Pencil Preaching for Sunday, August 21, 2022

“Lord, will only a few people be saved?” (Luke 13:23).

Twenty-First Sunday in Ordinary Time

Isa 66:18-21; Ps 117; Heb 12:5-7, 11-13; Luke 13:22-30

The path to salvation passes through a narrow gate. Jesus’ own mission took him through a baptism of fire. Every disciple must lose his life to gain it. The treasure we seek will cost us everything. Only those who pick up their crosses can follow Jesus.

With these and other metaphors and parables, Jesus tries to prepare us for our own paschal passage, when we must surrender ourselves to the paradox of his own death and resurrection.

In today’s Gospel, people who had thought they had fulfilled every ritual requirement and earned every credential as faithful Christians are shocked to find themselves excluded. What was missing? The Master of the House does not recognize them because in all their busy focus on formal church membership they have never nurtured a personal relationship with God.

Other parables like the story of the wise bridesmaids who had extra oil or the wise man who built house on rock teach the same message. The essence of salvation is to enter into a personal relationship with God and to build your life on a foundation of carrying out the Word of God. Those who do this, even if they are outside the formal circles of faith and church affiliation, will be recognized as true children of God.

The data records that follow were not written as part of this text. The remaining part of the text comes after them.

lemma dvd_of_mult_power_diff_one_eq:
  fixes D a b :: int
  assumes D: "2 \<le> D" and n: "0 < n" and a: "0 < a" "a \<le> int n"
    and eq: "b * (D ^ n - 1) = a * (D ^ m - 1)"
  shows "n dvd m"
proof (rule ccontr)
  assume "\<not> n dvd m"
  then have "0 < m mod n" "m mod n < n"
    using n by (simp_all add: mod_greater_zero_iff_not_dvd)
  then show False
    using power_diff_one_not_dvd_small_multiple[OF D _ _ a]
      power_diff_one_dvd_power_mod[OF eq] by blast
qed

lemma smult_sum_right: "smult c (\<Sum>i\<in>S. f i) = (\<Sum>i\<in>S. smult c (f i))"
  by (rule poly_eqI) (simp add: coeff_sum sum_distrib_left)

locale ore_extension =
  fixes \<sigma> \<delta> :: "'a::field poly \<Rightarrow> 'a poly"
  assumes endo: "K_alg_endo \<sigma>" and der: "sigma_derivation \<sigma> \<delta>"
    and degree_sigma_y: "degree (\<sigma> [:0, 1:]) > 1"
begin

abbreviation xmul where "xmul \<equiv> ore_left_x \<sigma> \<delta>"
abbreviation omult (infixl "\<star>" 70) where "omult \<equiv> ore_mult \<sigma> \<delta>"
abbreviation opow where "opow \<equiv> ore_pow \<sigma> \<delta>"

definition sigma_degree where "sigma_degree = degree (\<sigma> [:0, 1:])"

lemma sigma_add: "\<sigma> (a + b) = \<sigma> a + \<sigma> b"
  and sigma_mult: "\<sigma> (a * b) = \<sigma> a * \<sigma> b"
  and sigma_smult: "\<sigma> (smult c a) = smult c (\<sigma> a)"
  and sigma_1: "\<sigma> 1 = 1"
  using endo by (simp_all add: K_alg_endo_def)

lemma sigma_0: "\<sigma> 0 = 0"
  using sigma_add[of 0 0] by (metis add_cancel_right_right)

lemma sigma_diff: "\<sigma> (a - b) = \<sigma> a - \<sigma> b"
  using sigma_add[of "a - b" b] by (simp add: eq_diff_eq)

lemma sigma_const: "\<sigma> [:c:] = [:c:]"
  using sigma_smult[of c 1] sigma_1 by simp

lemma delta_add: "\<delta> (a + b) = \<delta> a + \<delta> b"
  and delta_mult: "\<delta> (a * b) = \<sigma> a * \<delta> b + \<delta> a * b"
  and delta_smult: "\<delta> (smult c a) = smult c (\<delta> a)"
  using der by (simp_all add: sigma_derivation_def)

lemma delta_0: "\<delta> 0 = 0"
  using delta_add[of 0 0] by (metis add_cancel_right_right)

lemma delta_1: "\<delta> 1 = 0"
proof -
  have "\<delta> 1 + \<delta> 1 = \<delta> 1 + 0" using delta_mult[of 1 1] sigma_1 by simp
  then show ?thesis by (simp only: add_left_cancel)
qed

lemma delta_const: "\<delta> [:c:] = 0"
  using delta_smult[of c 1] delta_1 by simp

lemma sigma_eq_pcompose: "\<sigma> f = pcompose f (\<sigma> [:0, 1:])"
proof (induction f)
  case (pCons a p)
  have "\<sigma> (pCons a p) = \<sigma> ([:a:] + [:0, 1:] * p)" by simp
  also have "\<dots> = [:a:] + \<sigma> [:0, 1:] * \<sigma> p"
    by (simp only: sigma_add sigma_mult sigma_const)
  finally show ?case using pCons.IH by (simp add: pcompose_pCons)
qed (simp add: sigma_0)

lemma degree_sigma: "degree (\<sigma> f) = degree f * sigma_degree"
  by (simp add: sigma_eq_pcompose[of f] degree_pcompose sigma_degree_def)

lemma sigma_eq_0_iff: "\<sigma> f = 0 \<longleftrightarrow> f = 0"
  using degree_sigma_y by (simp add: sigma_eq_pcompose[of f] pcompose_eq_0_iff)

lemma sigma_degree_ge_2: "2 \<le> sigma_degree"
  using degree_sigma_y by (simp add: sigma_degree_def)

lemma degree_sigma_iter: "degree ((\<sigma> ^^ k) f) = degree f * sigma_degree ^ k"
  by (induction k) (auto simp: degree_sigma)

Outsiders will become insiders, the last will be first.

In his emphasis on encounter and surprise, Pope Francis has tried to free Catholics from any complacency or sense of entitlement simply because they are members of the church. God comes when we least expect it, and in ways we cannot anticipate or control. Every day is filled with new challenges and opportunities, and only if we are free enough to go with the flow and respond to each grace do we discover God in the moment.

How different this encounter with the living God is from rule keeping and merit counting. Discipleship is a way of life, a love story and an adventure. We will know we are alive and living it when we feel the joy of the Gospel.